L’étrange cas du « temps négatif » observé en laboratoire
Une expérience publiée dans Physical Review Letters montre que des particules peuvent présenter des temps d’interaction effectivement négatifs.

En physique classique, la notion de temps est associée à une direction connue sous le nom de flèche du temps, qui pointe du passé vers le futur. Ce comportement est lié à l’augmentation de l’entropie et, par conséquent, on s’attend à ce que les intervalles de temps soient toujours positifs. Pourtant, ce n’est pas le cas en mécanique quantique, où le concept de « temps » diffère de celui des systèmes classiques. C’est de là qu’émerge l’idée de « temps négatif », aussi contre-intuitive soit-elle.
En mécanique quantique, le temps est un paramètre qui décrit l’évolution d’un système et il existe des définitions du temps associées à des processus comme le retard, le temps de séjour ou le temps de transit. Dans certains contextes, ces grandeurs peuvent prendre des valeurs négatives, notamment dans des phénomènes d’interférence et de diffusion. L’effet du « temps négatif » en mécanique quantique reste cohérent avec la physique lorsqu’il est correctement interprété.

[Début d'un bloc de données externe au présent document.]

(* Let $\kappa$ be a regular uncountable cardinal with $\kappa^{<\kappa}=\kappa$ and $\gamma^\omega<\kappa$ for all $\gamma<\kappa$, and let $I^i$, $I^i_\alpha$ be as in the context. For every $i<\kappa$, every limit ordinal $\delta<\kappa$ and every $\nu\in I^i$ there is $\beta<\delta$ such that for every $\sigma\in I^i_\delta$ with $\sigma>\nu$ there is $\sigma'\in I^i_\beta$ with $\sigma\ge\sigma'\ge\nu$.
   Context: $I^0$: order $\kappa\times\mathbb Q$ lexicographically; $I^0$ is the set of $f:\omega\to\kappa\times\mathbb Q$, $f(n)=(f_1(n),f_2(n))$, with $\{n\mid f_1(n)\ne0\}$ finite, ordered by comparing at the least $n$ where they differ. Construct linear orders $I^0\subseteq I^1\subseteq\dots\subseteq I^i\subseteq\dots$ ($i<\kappa$): given $I^i$, for each $\nu\in I^i$ add a new element $\nu^{i+1}$ realizing $tp_{bs}(\nu,I^i\setminus\{\nu\},I^i)\cup\{x<\nu\}$, i.e. $\nu^{i+1}<\nu$ and for every $\tau\in I^i\setminus\{\nu\}$, $\tau<\nu^{i+1}$ iff $\tau<\nu$ (for distinct $\nu,\mu$, $\nu^{i+1}<\mu^{i+1}$ iff $\nu<\mu$); $I^{i+1}=I^i\cup\{\nu^{i+1}\mid\nu\in I^i\}$; at limits $I^i=\bigcup_{j<i}I^j$. Representations: $I^0_\alpha=\{\nu\in I^0\mid \nu_1(n)<\alpha\text{ for all }n<\omega\}$; $I^{i+1}_\alpha=I^i_\alpha\cup\{\nu^{i+1}\mid\nu\in I^i_\alpha\}$; for limit $i$, $I^i_\alpha=\bigcup_{j<i}I^j_\alpha$. *)

theory Defs
  imports Complex_Main "HOL-Library.Countable_Set"
begin

(* kappa is represented by a type 'k :: wellorder whose order is an initial ordinal
   (card_order of the relation kord); elements of 'k are the ordinals below kappa. *)

definition kord :: "('k::wellorder) rel" where
  "kord = {(x, y). x \<le> y}"

definition kzero :: "'k::wellorder" where
  "kzero = (LEAST x. True)"

definition is_limit :: "'k::wellorder \<Rightarrow> bool" where
  "is_limit d \<longleftrightarrow> d \<noteq> kzero \<and> (\<forall>b<d. \<exists>c. b < c \<and> c < d)"

definition lexKQ :: "('k::wellorder) \<times> rat \<Rightarrow> 'k \<times> rat \<Rightarrow> bool" where
  "lexKQ p q \<longleftrightarrow> fst p < fst q \<or> (fst p = fst q \<and> snd p < snd q)"

definition I0 :: "(nat \<Rightarrow> ('k::wellorder) \<times> rat) set" where
  "I0 = {f. finite {n. fst (f n) \<noteq> kzero}}"

definition lessI0 :: "(nat \<Rightarrow> ('k::wellorder) \<times> rat) \<Rightarrow> (nat \<Rightarrow> 'k \<times> rat) \<Rightarrow> bool" where
  "lessI0 f g \<longleftrightarrow> (\<exists>n. (\<forall>m<n. f m = g m) \<and> lexKQ (f n) (g n))"

definition I0rep :: "'k::wellorder \<Rightarrow> (nat \<Rightarrow> 'k \<times> rat) set" where
  "I0rep a = {f \<in> I0. \<forall>n. fst (f n) < a}"

(* Elements of the I^i: Base f is f in I^0; Lift v j is the new element v^{j+1}
   added at stage j+1 for v in I^j. *)
datatype 'k elem = Base "nat \<Rightarrow> 'k \<times> rat" | Lift "'k elem" 'k

(* membership in I^i (I^{i+1} = I^i u {v^{i+1}}, unions at limits) *)
fun inI :: "'k::wellorder \<Rightarrow> 'k elem \<Rightarrow> bool" where
  "inI i (Base f) \<longleftrightarrow> f \<in> I0"
| "inI i (Lift v j) \<longleftrightarrow> j < i \<and> inI j v"

fun inIrep :: "'k::wellorder \<Rightarrow> 'k \<Rightarrow> 'k elem \<Rightarrow> bool" where
  "inIrep i a (Base f) \<longleftrightarrow> f \<in> I0rep a"
| "inIrep i a (Lift v j) \<longleftrightarrow> j < i \<and> inIrep j a v"

(* the linear order on the I^i, following the construction:
   for tau old (in I^j), tau < v^{j+1} iff tau < v; v^{j+1} < tau iff v <= tau;
   v^{j+1} < mu^{j+1} iff v < mu *)
function lessE :: "('k::wellorder) elem \<Rightarrow> 'k elem \<Rightarrow> bool" where
  "lessE (Base f) (Base g) = lessI0 f g"
| "lessE (Base f) (Lift u k) = lessE (Base f) u"
| "lessE (Lift v j) (Base g) = (lessE v (Base g) \<or> v = Base g)"
| "lessE (Lift v j) (Lift u k) =
     (if j = k then lessE v u
      else if j < k then lessE (Lift v j) u
      else (lessE v (Lift u k) \<or> v = Lift u k))"
  by pat_completeness auto
termination
  by (relation "measure (\<lambda>(x, y). size x + size y)") auto

definition leE :: "('k::wellorder) elem \<Rightarrow> 'k elem \<Rightarrow> bool" where
  "leE x y \<longleftrightarrow> lessE x y \<or> x = y"

end

theory Submission
  imports Defs
begin

text \<open>Lifting never moves an element across an element of \<open>I\<^sup>0\<close>, so elements of \<open>I\<^sup>i\<close>
  obtained from different elements of \<open>I\<^sup>0\<close> (their bases) are ordered as their bases.
  Given \<open>\<nu>\<close> with base \<open>g\<close>, choose \<open>\<beta> < \<delta>\<close> above the finitely many first coordinates of \<open>g\<close>
  that lie below \<open>\<delta>\<close>. For \<open>\<sigma> > \<nu>\<close> with base \<open>f\<close>, either \<open>f = g\<close> and \<open>\<nu>\<close> itself lies in
  \<open>I\<^sup>i\<^sub>\<beta>\<close>, or \<open>g < f\<close> first differ at some \<open>n\<close>; then truncating \<open>g\<close> after \<open>n\<close> and raising its
  rational at \<open>n\<close> slightly (staying below that of \<open>f\<close> if the first coordinates agree) gives
  an element of \<open>I\<^sup>0\<^sub>\<beta>\<close> between \<open>\<nu>\<close> and \<open>\<sigma>\<close>.\<close>

fun base_of :: "'k elem \<Rightarrow> nat \<Rightarrow> 'k \<times> rat" where
  "base_of (Base f) = f"
| "base_of (Lift v j) = base_of v"

lemma lessE_iff_lessI0_base_of:
  "base_of x \<noteq> base_of y \<Longrightarrow> lessE x y \<longleftrightarrow> lessI0 (base_of x) (base_of y)"
proof (induction x y rule: lessE.induct)
  case (4 v j u k)
  then show ?case by (auto split: if_splits)
qed auto

lemma lessI0_irrefl: "\<not> lessI0 f f"
  by (auto simp: lessI0_def lexKQ_def)

lemma lessE_if_lessI0_base_of: "lessI0 (base_of x) (base_of y) \<Longrightarrow> lessE x y"
  using lessE_iff_lessI0_base_of lessI0_irrefl by metis

lemma base_of_in_I0: "inI i x \<Longrightarrow> base_of x \<in> I0"
  by (induction x arbitrary: i) auto

lemma base_of_in_I0rep: "inIrep i a x \<Longrightarrow> base_of x \<in> I0rep a"
  by (induction x arbitrary: i) auto

lemma inIrep_if_base_of_in_I0rep: "inI i x \<Longrightarrow> base_of x \<in> I0rep a \<Longrightarrow> inIrep i a x"
  by (induction x arbitrary: i) auto

lemma kzero_le: "kzero \<le> (x::'k::wellorder)"
  unfolding kzero_def by (rule Least_le) simp

lemma kzero_less_limit: "is_limit d \<Longrightarrow> kzero < d"
  using kzero_le[of d] by (auto simp: is_limit_def order_le_less)

lemma finite_fst_range_I0:
  assumes "g \<in> I0"
  shows "finite (fst ` range g)"
proof -
  have "fst ` range g \<subseteq> insert kzero (fst ` g ` {n. fst (g n) \<noteq> kzero})"
    by auto
  moreover have "finite {n. fst (g n) \<noteq> kzero}"
    using assms by (simp add: I0_def)
  ultimately show ?thesis
    by (meson finite_imageI finite_insert finite_subset)
qed

lemma limit_bounds_finite_set:
  fixes d :: "'k::wellorder"
  assumes "finite C" and "is_limit d"
  shows "\<exists>b<d. kzero < b \<and> (\<forall>c\<in>C. c < d \<longrightarrow> c < b)"
proof -
  let ?M = "Max (insert kzero {c \<in> C. c < d})"
  have fin: "finite (insert kzero {c \<in> C. c < d})"
    using assms(1) by simp
  have "?M < d"
    using Max_in[OF fin] kzero_less_limit[OF assms(2)] by auto
  then obtain b where "?M < b" "b < d"
    using assms(2) by (auto simp: is_limit_def)
  moreover have "c < b" if "c \<in> insert kzero {c \<in> C. c < d}" for c
    using Max_ge[OF fin that] \<open>?M < b\<close> by simp
  ultimately show ?thesis
    by auto
qed

lemma lessI0_interpolate:
  assumes gf: "lessI0 g f" and f: "f \<in> I0rep d" and "kzero < b"
    and g_bound: "\<And>m. fst (g m) < d \<Longrightarrow> fst (g m) < b"
  shows "\<exists>h \<in> I0rep b. lessI0 g h \<and> lessI0 h f"
proof -
  obtain n where eq: "\<forall>m<n. g m = f m" and lx: "lexKQ (g n) (f n)"
    using gf by (auto simp: lessI0_def)
  obtain q where q1: "snd (g n) < q" and q2: "fst (g n) = fst (f n) \<longrightarrow> q < snd (f n)"
  proof (cases "fst (g n) = fst (f n)")
    case True
    then have "snd (g n) < snd (f n)"
      using lx by (simp add: lexKQ_def)
    then show ?thesis
      using that dense by blast
  next
    case False
    then show ?thesis
      using that[of "snd (g n) + 1"] by simp
  qed
  define h where "h m = (if m < n then g m else if m = n then (fst (g n), q) else (kzero, 0))" for m
  have f_bound: "fst (f m) < d" for m
    using f by (simp add: I0rep_def)
  have "fst (g n) < d"
    using lx f_bound[of n] by (auto simp: lexKQ_def)
  then have "fst (h m) < b" for m
    using g_bound[of m] g_bound[of n] eq f_bound[of m] \<open>kzero < b\<close> by (auto simp: h_def)
  moreover have "{m. fst (h m) \<noteq> kzero} \<subseteq> {..n}"
    by (auto simp: h_def)
  then have "h \<in> I0"
    unfolding I0_def using finite_subset by blast
  moreover have "lessI0 g h"
    unfolding lessI0_def by (rule exI[of _ n]) (auto simp: h_def lexKQ_def q1)
  moreover have "lessI0 h f"
    unfolding lessI0_def by (rule exI[of _ n]) (use eq lx q2 in \<open>auto simp: h_def lexKQ_def\<close>)
  ultimately show ?thesis
    by (auto simp: I0rep_def)
qed

theorem mainTheorem10:
  fixes i d :: "'k::wellorder" and v :: "'k elem"
  assumes kcard: "card_order (kord :: 'k rel)"
    and kreg: "regularCard (kord :: 'k rel)"
    and kunc: "\<not> countable (UNIV :: 'k set)"
    and kpow: "\<forall>A :: 'k set. (card_of A, kord :: 'k rel) \<in> ordLess \<longrightarrow> (card_of (Func A (UNIV :: 'k set)), kord :: 'k rel) \<in> ordLeq"
    and komega: "\<forall>A :: 'k set. (card_of A, kord :: 'k rel) \<in> ordLess \<longrightarrow> (card_of (Func (UNIV :: nat set) A), kord :: 'k rel) \<in> ordLess"
    and dlim: "is_limit d"
    and vI: "inI i v"
  shows "\<exists>b<d. \<forall>s. inIrep i d s \<and> lessE v s \<longrightarrow>
            (\<exists>s'. inIrep i b s' \<and> leE s' s \<and> leE v s')"
proof -
  let ?g = "base_of v"
  obtain b where "b < d" "kzero < b" and range_bound: "\<forall>c \<in> fst ` range ?g. c < d \<longrightarrow> c < b"
    using limit_bounds_finite_set[OF finite_fst_range_I0[OF base_of_in_I0[OF vI]] dlim] by blast
  have g_bound: "fst (?g m) < b" if "fst (?g m) < d" for m
    using range_bound that by simp
  have "\<exists>s'. inIrep i b s' \<and> leE s' s \<and> leE v s'" if s: "inIrep i d s" "lessE v s" for s
  proof (cases "base_of s = ?g")
    case True
    then have "\<forall>m. fst (?g m) < b"
      using base_of_in_I0rep[OF s(1)] g_bound by (simp add: I0rep_def)
    then have "inIrep i b v"
      using inIrep_if_base_of_in_I0rep[OF vI] base_of_in_I0[OF vI] by (simp add: I0rep_def)
    then show ?thesis
      using s(2) unfolding leE_def by blast
  next
    case False
    then have "lessI0 ?g (base_of s)"
      using lessE_iff_lessI0_base_of[of v s] s(2) by simp
    then obtain h where "h \<in> I0rep b" "lessI0 ?g h" "lessI0 h (base_of s)"
      using lessI0_interpolate base_of_in_I0rep[OF s(1)] \<open>kzero < b\<close> g_bound by blast
    then have "inIrep i b (Base h)" "lessE (Base h) s" "lessE v (Base h)"
      by (simp_all add: lessE_if_lessI0_base_of)
    then show ?thesis
      unfolding leE_def by blast
  qed
  then show ?thesis
    using \<open>b < d\<close> by blast
qed

end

Une expérience récente, publiée dans Physical Review Letters, a étudié un phénomène connu depuis les années 1990 lié à la propagation des photons. Dans certains systèmes, les mesures indiquent que les photons peuvent présenter des retards temporels négatifs lorsqu’ils traversent une région, ce qui suggère qu’ils en sortent avant d’y « entrer ». L’expérience actuelle a montré une cohérence entre différentes mesures, renforçant ainsi la validité du résultat. Même si cela peut sembler paradoxal, le phénomène correspond bien aux prédictions de la théorie.
Photons voyageant vers le passé
Les expériences menées avec des photons dans certains milieux montrent des comportements temporels qui paraissent contre-intuitifs. Dans un système typique, une impulsion lumineuse traverse un nuage d’atomes de rubidium dont les niveaux d’énergie résonnent avec l’énergie du photon. Lorsque cette résonance se produit, l’énergie du photon peut être temporairement absorbée par les atomes puis réémise. Ce processus suggère que le photon « reste » dans le milieu pendant un certain temps. Pour qu’il y ait résonance, le photon doit posséder une énergie bien définie.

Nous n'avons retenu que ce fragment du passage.